Unobserved confounders U would introduce an omitted variable bias/ selection-into-treatment bias
Key questions:

How strong would a confounding relationship need to be in order to change the conclusions of our analysis?

Would such a confounding relationship be plausibly present in our data?

Code

import networkx as nx
import matplotlib.pyplot as plt

G = nx.DiGraph()

# Add nodes
G.add_node("D")
G.add_node("Y")
G.add_node("X")
G.add_node("U")
G.add_edge("D", "Y")
G.add_edge("X", "Y")
G.add_edge("X", "D")
G.add_edge("U", "D")
G.add_edge("U", "Y")

# Draw the graph
plt.figure(figsize=(4, 3)) 
pos = {"D": (0, 0), "Y": (2, 0), "X": (1,1), "U": (1,-1)}
edge_colors = ['black', 'black', 'black', 'red', 'blue']
nx.draw(G, pos, with_labels=True, node_size=800, node_color='lightblue',
 edge_color=edge_colors)
plt.show()

DAG: Causal Effect of D on Y, with observed confounders X and unobserved confounders U.

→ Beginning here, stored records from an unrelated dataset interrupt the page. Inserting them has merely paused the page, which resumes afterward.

lemma pauliE_mult_code_projector:
  assumes c': "c' \<in> C"
  shows "opmult (states n p) (pauliE n p c') (code_projector n p C lam)
       = scaleop (lam (pauliE n p c')) (code_projector n p C lam)"
proof (intro ext)
  fix u x
  have "inverse (lam (pauliE n p c)) * opmult (states n p) (pauliE n p c') (pauliE n p c) u x
      = lam (pauliE n p c') * (inverse (lam (pauliE n p (vadd p c' c))) * pauliE n p (vadd p c' c) u x)"
    if c: "c \<in> C" for c
    using lam_pauliE_mult[OF c' c] lam_pauliE_nonzero[OF c] lam_pauliE_nonzero[OF code_vadd[OF c' c]]
    by (simp add: pauliE_mult[OF p_pos] scaleop_def field_simps)
  then have "opmult (states n p) (pauliE n p c') (code_projector n p C lam) u x
      = lam (pauliE n p c') * (\<Sum>c\<in>C. inverse (lam (pauliE n p (vadd p c' c))) * pauliE n p (vadd p c' c) u x)"
    unfolding opmult_code_projector sum_distrib_left by (rule sum.cong[OF refl])
  also have "\<dots> = scaleop (lam (pauliE n p c')) (code_projector n p C lam) u x"
    unfolding code_projector_def scaleop_def
    using sum.reindex_bij_betw[OF bij_betw_vadd_code[OF c'], of "\<lambda>d. inverse (lam (pauliE n p d)) * pauliE n p d u x"]
    by simp
  finally show "opmult (states n p) (pauliE n p c') (code_projector n p C lam) u x
      = scaleop (lam (pauliE n p c')) (code_projector n p C lam) u x" .
qed

lemma stabGroup_mult_code_projector:
  "X \<in> stabGroup n p C \<Longrightarrow>
     opmult (states n p) X (code_projector n p C lam) = scaleop (lam X) (code_projector n p C lam)"
proof (induction rule: stabGroup.induct)
  case (scal l)
  then show ?case
    by (simp add: opmult_scaleop_idop finite_states code_projector_outside lam_scalar)
next
  case (gen c)
  then show ?case by (rule pauliE_mult_code_projector)
next
  case (mult X Y)
  then show ?case
    by (simp add: opmult_assoc[OF finite_states] opmult_scaleop_right lam_mult mult.commute)
qed

lemma code_projector_column_in_stabQ:
  "(\<lambda>u. code_projector n p C lam u x) \<in> stabQ n p C lam"
  unfolding stabQ_def
  by (simp add: code_projector_outside opapply_column stabGroup_mult_code_projector scaleop_def)

lemma trace_code_projector:
  "(\<Sum>x\<in>states n p. code_projector n p C lam x x) = of_nat (card (states n p))"
proof -
  have "(\<Sum>x\<in>states n p. code_projector n p C lam x x)
      = (\<Sum>c\<in>C. inverse (lam (pauliE n p c)) * pauli_trace n p c)"
    unfolding code_projector_def pauli_trace_def sum_distrib_left by (rule sum.swap)
  also have "\<dots> = (\<Sum>c\<in>C. if c = ((\<lambda>_. 0), (\<lambda>_. 0)) then of_nat (card (states n p)) else 0)"
  proof (intro sum.cong refl)
    fix c assume "c \<in> C"
    then show "inverse (lam (pauliE n p c)) * pauli_trace n p c
        = (if c = ((\<lambda>_. 0), (\<lambda>_. 0)) then of_nat (card (states n p)) else 0)"
      using code_subset pauli_trace_nonzero[OF p_pos, of c n] pauli_trace_zero[OF p_pos] lam_pauliE_zero
      by auto
  qed
  finally show ?thesis using finite_code code_zero by simp
qed
lemma nn_integral_mix_density_region_le_1:
  fixes c :: "'a::euclidean_space"
  assumes "prob_density_pos f"
  shows "(\<integral>\<^sup>+x. mix_density f (x - c) * indicator A x \<partial>lborel) \<le> 1"
proof -
  have f[measurable]: "f \<in> borel_measurable borel"
    using assms by (simp add: prob_density_pos_def)
  have "(\<integral>\<^sup>+x. mix_density f (x - c) * indicator A x \<partial>lborel) \<le> (\<integral>\<^sup>+x. mix_density f (x - c) \<partial>lborel)"
    by (intro nn_integral_mono) (simp add: indicator_def)
  also have "\<dots> = 1"
    using nn_integral_mix_density[OF assms] by (simp add: nn_integral_lborel_translate)
  finally show ?thesis .
qed

lemma concave_on_correct_prob:
  fixes s :: "'a::euclidean_space"
  assumes dim: "DIM('a) \<le> 2" and dens: "prob_density_pos f"
    and \<Omega>[measurable]: "\<Omega> \<in> sets borel" and cc: "center_convex s \<Omega>"
  shows "concave_on {0<..} (correct_prob f s \<Omega>)"
proof -
  have f[measurable]: "f \<in> borel_measurable borel"
    using dens by (simp add: prob_density_pos_def)
  define D where "D = (\<lambda>z. z + s) -` \<Omega>"
  have D[measurable]: "D \<in> sets borel"
    unfolding D_def by (rule measurable_sets_borel[OF _ \<Omega>]) simp
  have cD: "center_convex 0 D"
    unfolding D_def by (rule center_convex_translate[OF cc])
  define E where "E p = (\<integral>\<^sup>+x. mix_density f (x - sqrt p *\<^sub>R s) * indicator ((\<lambda>y. sqrt p *\<^sub>R y) ` \<Omega>) x \<partial>lborel)"
    for p
  define W where "W \<sigma> p = ennreal (f \<sigma> * (2 * pi * \<sigma>\<^sup>2) powr (- real DIM('a) / 2)) * indicator {0<..} \<sigma>
                            * gauss_mass (1 / (2 * \<sigma>\<^sup>2)) D p" for \<sigma> p
  have "enn_concave_on {0<..} (\<lambda>p. \<integral>\<^sup>+\<sigma>. W \<sigma> p \<partial>lborel)"
  proof (rule enn_concave_on_nn_integral)
    fix \<sigma> :: real
    show "enn_concave_on {0<..} (W \<sigma>)"
    proof (cases "0 < \<sigma>")
      case True
      then show ?thesis
        unfolding W_def by (intro enn_concave_on_cmult enn_concave_on_gauss_mass dim D cD) simp
    next
      case False
      then have "W \<sigma> = (\<lambda>p. 0)" by (simp add: fun_eq_iff W_def)
      then show ?thesis by (simp add: enn_concave_on_const)
    qed
  qed (simp_all add: W_def gauss_mass_def)
  moreover have "E p = (\<integral>\<^sup>+\<sigma>. W \<sigma> p \<partial>lborel)" if "0 < p" for p
  proof -
    have "E p = (\<integral>\<^sup>+y. mix_density f y * indicator D (inverse (sqrt p) *\<^sub>R y) \<partial>lborel)"
      unfolding E_def D_def using that by (intro nn_integral_scaled_region_shift) simp_all
    also have "\<dots> = (\<integral>\<^sup>+\<sigma>. W \<sigma> p \<partial>lborel)"
      unfolding W_def by (rule nn_integral_mix_density_gauss_mass) simp_all
    finally show ?thesis .
  qed
  ultimately have "enn_concave_on {0<..} E"
    by (auto intro: enn_concave_on_cong)
  moreover have "E p < \<top>" for p
    unfolding E_def using nn_integral_mix_density_region_le_1[OF dens] by (rule order_le_less_trans) simp
  ultimately have "concave_on {0<..} (\<lambda>p. enn2real (E p))"
    by (intro concave_on_enn2real)
  then show ?thesis
    unfolding correct_prob_def E_def .
qed
lemma cyc_shift_col_sum:
  assumes "i < s"
  shows "(\<Sum>j<s. cyc_shift s j i) = 1"
proof -
  define j0 where "j0 = (if i = 0 then s - 1 else i - 1)"
  have "i = Suc j mod s \<longleftrightarrow> j = j0" if "j < s" for j
    using assms that by (cases "Suc j = s") (auto simp: j0_def)
  then have "(\<Sum>j<s. cyc_shift s j i) = (\<Sum>j<s. if j = j0 then 1 else 0)"
    using assms by (intro sum.cong) (auto simp: cyc_shift_def)
  also have "\<dots> = 1"
    using assms by (auto simp: j0_def)
  finally show ?thesis .
qed

lemma coupling_mat_entry:
  "i < s \<Longrightarrow> j < s \<Longrightarrow> coupling_mat s \<beta> \<alpha> i j = (if i = j then \<beta> else 0) + \<alpha> * (cyc_shift s i j + cyc_shift s j i)"
  by (simp add: coupling_mat_def mat_add_def mat_smult_def id_mat_def mat_transp_def)

lemma is_mat_coupling_mat [simp]: "is_mat s (coupling_mat s \<beta> \<alpha>)"
  by (simp add: coupling_mat_def)

lemma mat_sym_coupling_mat: "mat_sym s (coupling_mat s \<beta> \<alpha>)"
  by (simp add: mat_sym_def coupling_mat_entry)

lemma row_sum_norm_le_id_minus_coupling:
  assumes "0 \<le> \<alpha>" "0 \<le> c"
  shows "row_sum_norm_le s (mat_sub s (id_mat s) (mat_smult s c (coupling_mat s \<beta> \<alpha>)))
      (\<bar>1 - c * \<beta>\<bar> + 2 * (c * \<alpha>))"
  unfolding row_sum_norm_le_def
proof (intro allI impI)
  fix i assume i: "i < s"
  let ?M = "mat_sub s (id_mat s) (mat_smult s c (coupling_mat s \<beta> \<alpha>))"
  have "\<bar>?M i j\<bar> \<le> (if i = j then \<bar>1 - c * \<beta>\<bar> else 0) + c * \<alpha> * cyc_shift s i j + c * \<alpha> * cyc_shift s j i"
    if "j < s" for j
  proof -
    have "?M i j = (if i = j then 1 - c * \<beta> else 0) - c * \<alpha> * (cyc_shift s i j + cyc_shift s j i)"
      using i that by (simp add: mat_sub_def mat_smult_def id_mat_def coupling_mat_entry algebra_simps)
    moreover have "0 \<le> c * \<alpha> * (cyc_shift s i j + cyc_shift s j i)"
      using assms by (simp add: cyc_shift_def)
    ultimately show ?thesis
      using abs_triangle_ineq4[of "if i = j then 1 - c * \<beta> else 0" "c * \<alpha> * (cyc_shift s i j + cyc_shift s j i)"]
      by (simp add: distrib_left if_distrib[of abs] cong: if_cong)
  qed
  then have "(\<Sum>j<s. \<bar>?M i j\<bar>)
      \<le> (\<Sum>j<s. (if i = j then \<bar>1 - c * \<beta>\<bar> else 0) + c * \<alpha> * cyc_shift s i j + c * \<alpha> * cyc_shift s j i)"
    by (intro sum_mono) simp
  also have "\<dots> = \<bar>1 - c * \<beta>\<bar> + 2 * (c * \<alpha>)"
    using i by (simp add: sum.distrib sum_distrib_left[symmetric] cyc_shift_row_sum cyc_shift_col_sum)
  finally show "(\<Sum>j<s. \<bar>?M i j\<bar>) \<le> \<bar>1 - c * \<beta>\<bar> + 2 * (c * \<alpha>)" .
qed

locale coupling =
  fixes s :: nat and \<alpha> \<beta> :: real
  assumes alpha_pos: "0 < \<alpha>" and beta_gt: "2 * \<alpha> < \<beta>" and sum_less_1: "\<beta> + 2 * \<alpha> < 1"
begin

abbreviation A :: "nat \<Rightarrow> nat \<Rightarrow> real" where
  "A \<equiv> coupling_mat s \<beta> \<alpha>"

abbreviation S :: "nat \<Rightarrow> nat \<Rightarrow> real" where
  "S \<equiv> mat_sqrt s (mat_sub s A (mat_mul s A A))"

abbreviation R :: "nat \<Rightarrow> nat \<Rightarrow> real" where
  "R \<equiv> mat_inv s S"

sublocale A_powr: sym_contraction s "mat_sub s (id_mat s) A" "1 - \<beta> + 2 * \<alpha>"
proof
  show "row_sum_norm_le s (mat_sub s (id_mat s) A) (1 - \<beta> + 2 * \<alpha>)"
    using row_sum_norm_le_id_minus_coupling[of \<alpha> 1 s \<beta>] alpha_pos beta_gt sum_less_1
    by (simp add: mat_smult_1)
  show "mat_sym s (mat_sub s (id_mat s) A)"
    using mat_sym_coupling_mat[of s \<beta> \<alpha>] by (simp add: mat_sym_def mat_sub_def id_mat_def)
qed (use alpha_pos beta_gt sum_less_1 in simp_all)

text \<open>\<open>I - (I - 2A)\<^sup>2 = 4(A - A\<^sup>2)\<close>, so \<open>D2_powr.id_minus_powr a\<close> is \<open>(4(A - A\<^sup>2)) powr a\<close>; the
  row-sum norm of \<open>I - 2A\<close> is \<open>< 1\<close> exactly when \<open>2\<alpha> < \<beta> < 1 - 2\<alpha>\<close>.\<close>
sublocale D2_powr: sym_contraction s
  "mat_mul s (mat_sub s (id_mat s) (mat_smult s 2 A)) (mat_sub s (id_mat s) (mat_smult s 2 A))"
  "(\<bar>1 - 2 * \<beta>\<bar> + 4 * \<alpha>)\<^sup>2"
proof
  let ?D = "mat_sub s (id_mat s) (mat_smult s 2 A)"
  have "row_sum_norm_le s ?D (\<bar>1 - 2 * \<beta>\<bar> + 4 * \<alpha>)"
    using row_sum_norm_le_id_minus_coupling[of \<alpha> 2 s \<beta>] alpha_pos by simp
  then show "row_sum_norm_le s (mat_mul s ?D ?D) ((\<bar>1 - 2 * \<beta>\<bar> + 4 * \<alpha>)\<^sup>2)"
    using alpha_pos by (simp add: power2_eq_square row_sum_norm_le_mat_mul)
  have "mat_sym s ?D"
    using mat_sym_coupling_mat[of s \<beta> \<alpha>] by (simp add: mat_sym_def mat_sub_def mat_smult_def id_mat_def)
  then have "mat_sym s (mat_mul s ?D (mat_mul s (id_mat s) ?D))"
    by (intro mat_sym_sandwich) (simp_all add: mat_sym_def id_mat_def)
  then show "mat_sym s (mat_mul s ?D ?D)"
    by (simp add: mat_mul_id_left)
  have "\<bar>1 - 2 * \<beta>\<bar> + 4 * \<alpha> < 1"
    using alpha_pos beta_gt sum_less_1 by linarith
  then show "(\<bar>1 - 2 * \<beta>\<bar> + 4 * \<alpha>)\<^sup>2 < 1"
    using power_strict_mono[of "\<bar>1 - 2 * \<beta>\<bar> + 4 * \<alpha>" 1 2] alpha_pos by simp
qed simp_all

lemma A_powr_1: "A_powr.id_minus_powr 1 = A"
proof (rule is_mat_eqI)
  fix i j assume "i < s" "j < s"
  then show "A_powr.id_minus_powr 1 i j = A i j"
    unfolding A_powr.id_minus_powr_1 by (simp add: mat_sub_def)
qed simp_all

lemma mat_inv_coupling_eq: "mat_inv s A = A_powr.id_minus_powr (-1)"
proof (rule mat_inv_eqI)
  show "mat_mul s A (A_powr.id_minus_powr (-1)) = id_mat s"
    using A_powr.id_minus_powr_add[of 1 "-1"] by (simp add: A_powr_1 A_powr.id_minus_powr_0)
  show "mat_mul s (A_powr.id_minus_powr (-1)) A = id_mat s"
    using A_powr.id_minus_powr_add[of "-1" 1] by (simp add: A_powr_1 A_powr.id_minus_powr_0)
qed simp

lemma coupling_inv:
  shows "mat_mul s A (mat_inv s A) = id_mat s" and "mat_mul s (mat_inv s A) A = id_mat s"
    and "mat_sym s (mat_inv s A)"
  using A_powr.id_minus_powr_add[of 1 "-1"] A_powr.id_minus_powr_add[of "-1" 1]
  by (simp_all add: mat_inv_coupling_eq A_powr_1 A_powr.id_minus_powr_0 A_powr.mat_sym_id_minus_powr)

lemma inv_coupling_has_sqrt:
  "\<exists>K. is_mat s K \<and> mat_sym s K \<and> pos_def s K \<and> mat_mul s K K = mat_inv s A"
  using A_powr.id_minus_powr_add[of "-1/2" "-1/2"]
  by (intro exI[of _ "A_powr.id_minus_powr (-1/2)"])
    (simp add: mat_inv_coupling_eq A_powr.mat_sym_id_minus_powr A_powr.pos_def_id_minus_powr)

lemma D2_powr_1: "D2_powr.id_minus_powr 1 = mat_smult s 4 (mat_sub s A (mat_mul s A A))"
proof (rule is_mat_eqI)
  fix i j assume ij: "i < s" "j < s"
  let ?D = "mat_sub s (id_mat s) (mat_smult s 2 A)"
  have D: "?D k l = id_mat s k l - 2 * A k l" for k l
    using is_mat_coupling_mat[of s \<beta> \<alpha>] by (auto simp: mat_sub_def mat_smult_def id_mat_def is_mat_def)
  have "mat_mul s ?D ?D i j = (\<Sum>k<s. (id_mat s i k - 2 * A i k) * (id_mat s k j - 2 * A k j))"
    using ij by (simp add: mat_mul_def D)
  also have "\<dots> = mat_mul s (id_mat s) (id_mat s) i j - 2 * mat_mul s (id_mat s) A i j
      - 2 * mat_mul s A (id_mat s) i j + 4 * mat_mul s A A i j"
    using ij by (simp add: mat_mul_def algebra_simps sum.distrib sum_subtractf sum_distrib_left)
  also have "\<dots> = id_mat s i j - 4 * A i j + 4 * mat_mul s A A i j"
    by (simp add: mat_mul_id_left mat_mul_id_right)
  finally have DD: "mat_mul s ?D ?D i j = id_mat s i j - 4 * A i j + 4 * mat_mul s A A i j" .
  have "D2_powr.id_minus_powr 1 i j = id_mat s i j - mat_mul s ?D ?D i j"
    unfolding D2_powr.id_minus_powr_1 mat_sub_def[of s "id_mat s" "mat_mul s ?D ?D"] using ij by simp
  also have "\<dots> = id_mat s i j - (id_mat s i j - 4 * A i j + 4 * mat_mul s A A i j)"
    by (simp only: DD)
  also have "\<dots> = mat_smult s 4 (mat_sub s A (mat_mul s A A)) i j"
    using ij by (simp add: mat_sub_def mat_smult_def)
  finally show "D2_powr.id_minus_powr 1 i j = mat_smult s 4 (mat_sub s A (mat_mul s A A)) i j" .
qed simp_all

lemma S_eq: "S = mat_smult s (1/2) (D2_powr.id_minus_powr (1/2))"
proof (rule mat_sqrt_eqI)
  show "mat_mul s (mat_smult s (1/2) (D2_powr.id_minus_powr (1/2))) (mat_smult s (1/2) (D2_powr.id_minus_powr (1/2)))
      = mat_sub s A (mat_mul s A A)"
    by (simp add: mat_mul_smult D2_powr.id_minus_powr_add D2_powr_1 mat_smult_mat_smult mat_smult_1)
qed (simp_all add: mat_sym_smult D2_powr.mat_sym_id_minus_powr pos_def_smult D2_powr.pos_def_id_minus_powr)

lemma R_eq: "R = mat_smult s 2 (D2_powr.id_minus_powr (-1/2))"
  unfolding S_eq by (rule mat_inv_eqI)
    (simp_all add: S_eq mat_mul_smult D2_powr.id_minus_powr_add D2_powr.id_minus_powr_0 mat_smult_1)

lemma mat_sym_S: "mat_sym s S"
  by (simp add: S_eq mat_sym_smult D2_powr.mat_sym_id_minus_powr)

lemma mat_sym_R: "mat_sym s R"
  unfolding R_eq by (simp add: mat_sym_smult D2_powr.mat_sym_id_minus_powr)

lemma S_mul_S: "mat_mul s S S = mat_sub s A (mat_mul s A A)"
  by (simp add: S_eq mat_mul_smult D2_powr.id_minus_powr_add D2_powr_1 mat_smult_mat_smult mat_smult_1)

lemma S_mul_R: "mat_mul s S R = id_mat s"
  unfolding R_eq unfolding S_eq by (simp add: mat_mul_smult D2_powr.id_minus_powr_add D2_powr.id_minus_powr_0 mat_smult_1)

lemma R_mul_S: "mat_mul s R S = id_mat s"
  unfolding R_eq unfolding S_eq by (simp add: mat_mul_smult D2_powr.id_minus_powr_add D2_powr.id_minus_powr_0 mat_smult_1)

lemma is_mat_S [simp]: "is_mat s S"
  by (simp add: S_eq)

lemma quad_form_inv_coupling_add:
  "quad_form s (mat_inv s A) (\<lambda>k. mat_vec s A m k + t k)
    = quad_form s A m + 2 * dot s t m + quad_form s (mat_inv s A) t"
proof -
  have "quad_form s (mat_inv s A) (mat_vec s A m) = quad_form s A m"
    by (simp add: quad_form_eq_dot mat_vec_inverse[OF coupling_inv(2)] dot_commute)
  moreover have "dot s (mat_vec s (mat_inv s A) t) (mat_vec s A m) = dot s t m"
    by (simp add: dot_mat_vec_sym[OF mat_sym_coupling_mat] mat_vec_inverse[OF coupling_inv(1)])
  ultimately show ?thesis
    by (simp add: quad_form_add[OF coupling_inv(3)])
qed

end

section \<open>Gaussian integrals on \<open>lebesgue_vec\<close>\<close>

lemma product_sigma_finite_lborel: "product_sigma_finite (\<lambda>_::nat. lborel :: real measure)"
  by (simp add: product_sigma_finite_def lborel.sigma_finite_measure_axioms)

lemma product_sigma_finite_std_normal: "product_sigma_finite (\<lambda>_::nat. std_normal_distribution)"
  unfolding product_sigma_finite_def
  using prob_space_normal_density[of 1 0] by (simp add: prob_space_imp_sigma_finite)

lemma measurable_lebesgue_vec_translate:
  "(\<lambda>x. \<lambda>i\<in>{..<s}. x i + u i) \<in> measurable (lebesgue_vec s) (lebesgue_vec s)"
  unfolding lebesgue_vec_def by (intro measurable_restrict) measurable

lemma emeasure_lborel_translate:
  assumes "A \<in> sets borel"
  shows "emeasure lborel ((\<lambda>x::real. x + c) -` A) = emeasure lborel A"
proof -
  have "emeasure lborel A = emeasure (distr lborel borel ((+) c)) A"
    by (simp add: lborel_distr_plus)
  also have "\<dots> = emeasure lborel (((+) c) -` A \<inter> space lborel)"
    using assms by (intro emeasure_distr) auto
  also have "((+) c) -` A \<inter> space lborel = (\<lambda>x::real. x + c) -` A"
    by (auto simp: add.commute)
  finally show ?thesis by simp
qed

lemma distr_lebesgue_vec_translate:
  "distr (lebesgue_vec s) (lebesgue_vec s) (\<lambda>x. \<lambda>i\<in>{..<s}. x i + u i) = lebesgue_vec s"
proof -
  interpret product_sigma_finite "\<lambda>_::nat. lborel :: real measure"
    by (rule product_sigma_finite_lborel)
  let ?T = "\<lambda>x. \<lambda>i\<in>{..<s}. x i + u i" and ?L = "Pi\<^sub>M {..<s} (\<lambda>_. lborel :: real measure)"
  show ?thesis unfolding lebesgue_vec_def
  proof (rule PiM_eqI)
    fix A :: "nat \<Rightarrow> real set" assume A: "\<And>i. i \<in> {..<s} \<Longrightarrow> A i \<in> sets lborel"
    have "?T -` Pi\<^sub>E {..<s} A \<inter> space ?L = Pi\<^sub>E {..<s} (\<lambda>i. (\<lambda>x. x + u i) -` A i)"
      by (auto simp: space_PiM PiE_def Pi_def extensional_def)
    moreover have "Pi\<^sub>E {..<s} A \<in> sets ?L"
      using A by (intro sets_PiM_I_finite) auto
    moreover have "(\<lambda>x. x + u i) -` A i \<in> sets lborel" if "i \<in> {..<s}" for i
    proof -
      have "(\<lambda>x::real. x + u i) \<in> borel_measurable borel" by measurable
      from measurable_sets[OF this, of "A i"] A[OF that] show ?thesis by simp
    qed
    ultimately have "emeasure (distr ?L ?L ?T) (Pi\<^sub>E {..<s} A)
        = emeasure ?L (Pi\<^sub>E {..<s} (\<lambda>i. (\<lambda>x. x + u i) -` A i))"
      using measurable_lebesgue_vec_translate[of u s] by (simp add: emeasure_distr lebesgue_vec_def)
    also have "\<dots> = (\<Prod>i<s. emeasure lborel ((\<lambda>x. x + u i) -` A i))"
      using \<open>\<And>i. i \<in> {..<s} \<Longrightarrow> (\<lambda>x. x + u i) -` A i \<in> sets lborel\<close> by (subst emeasure_PiM) auto
    also have "\<dots> = (\<Prod>i<s. emeasure lborel (A i))"
      using A by (intro prod.cong refl emeasure_lborel_translate) auto
    finally show "emeasure (distr ?L ?L ?T) (Pi\<^sub>E {..<s} A) = (\<Prod>i\<in>{..<s}. emeasure lborel (A i))" .
  qed simp_all
qed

Outlook: Sensitivity Analysis

How strong would a confounding relationship need to be in order to change the conclusions of our analysis?

Model the strength of the confounding relationships in terms of some sensitivity parameters, i.e.,
- \(U\) \(\rightarrow\) \(D\) and
- \(U\) \(\rightarrow\) \(Y\)

Would such a confounding relationship be plausibly present in our data?

Benchmarking framework

Code

import networkx as nx
import matplotlib.pyplot as plt

G = nx.DiGraph()

# Add nodes
G.add_node("D")
G.add_node("Y")
G.add_node("X")
G.add_node("U")
G.add_edge("D", "Y")
G.add_edge("X", "Y")
G.add_edge("X", "D")
G.add_edge("U", "D")
G.add_edge("U", "Y")

# Draw the graph
plt.figure(figsize=(4, 3)) 
pos = {"D": (0, 0), "Y": (2, 0), "X": (1,1), "U": (1,-1)}
edge_colors = ['black', 'black', 'black', 'red', 'blue']
nx.draw(G, pos, with_labels=True, node_size=800, node_color='lightblue',
 edge_color=edge_colors)
plt.show()

Example: Linear Regression Model

Consider a linear regression model with observed and unobserved confounders \(X\) and \(U\), respectively

\[ \begin{align*} Y &= \theta_0 D + \beta X + \gamma_1 U + \epsilon,\\ D &= \delta X + \gamma_2 U + \nu, \end{align*} \] with \(\epsilon\) and \(\nu\) being uncorrelated error terms and \(\theta_0\) corresponds to the average treatment effect of the (continuous) treatment \(D\) on \(Y\).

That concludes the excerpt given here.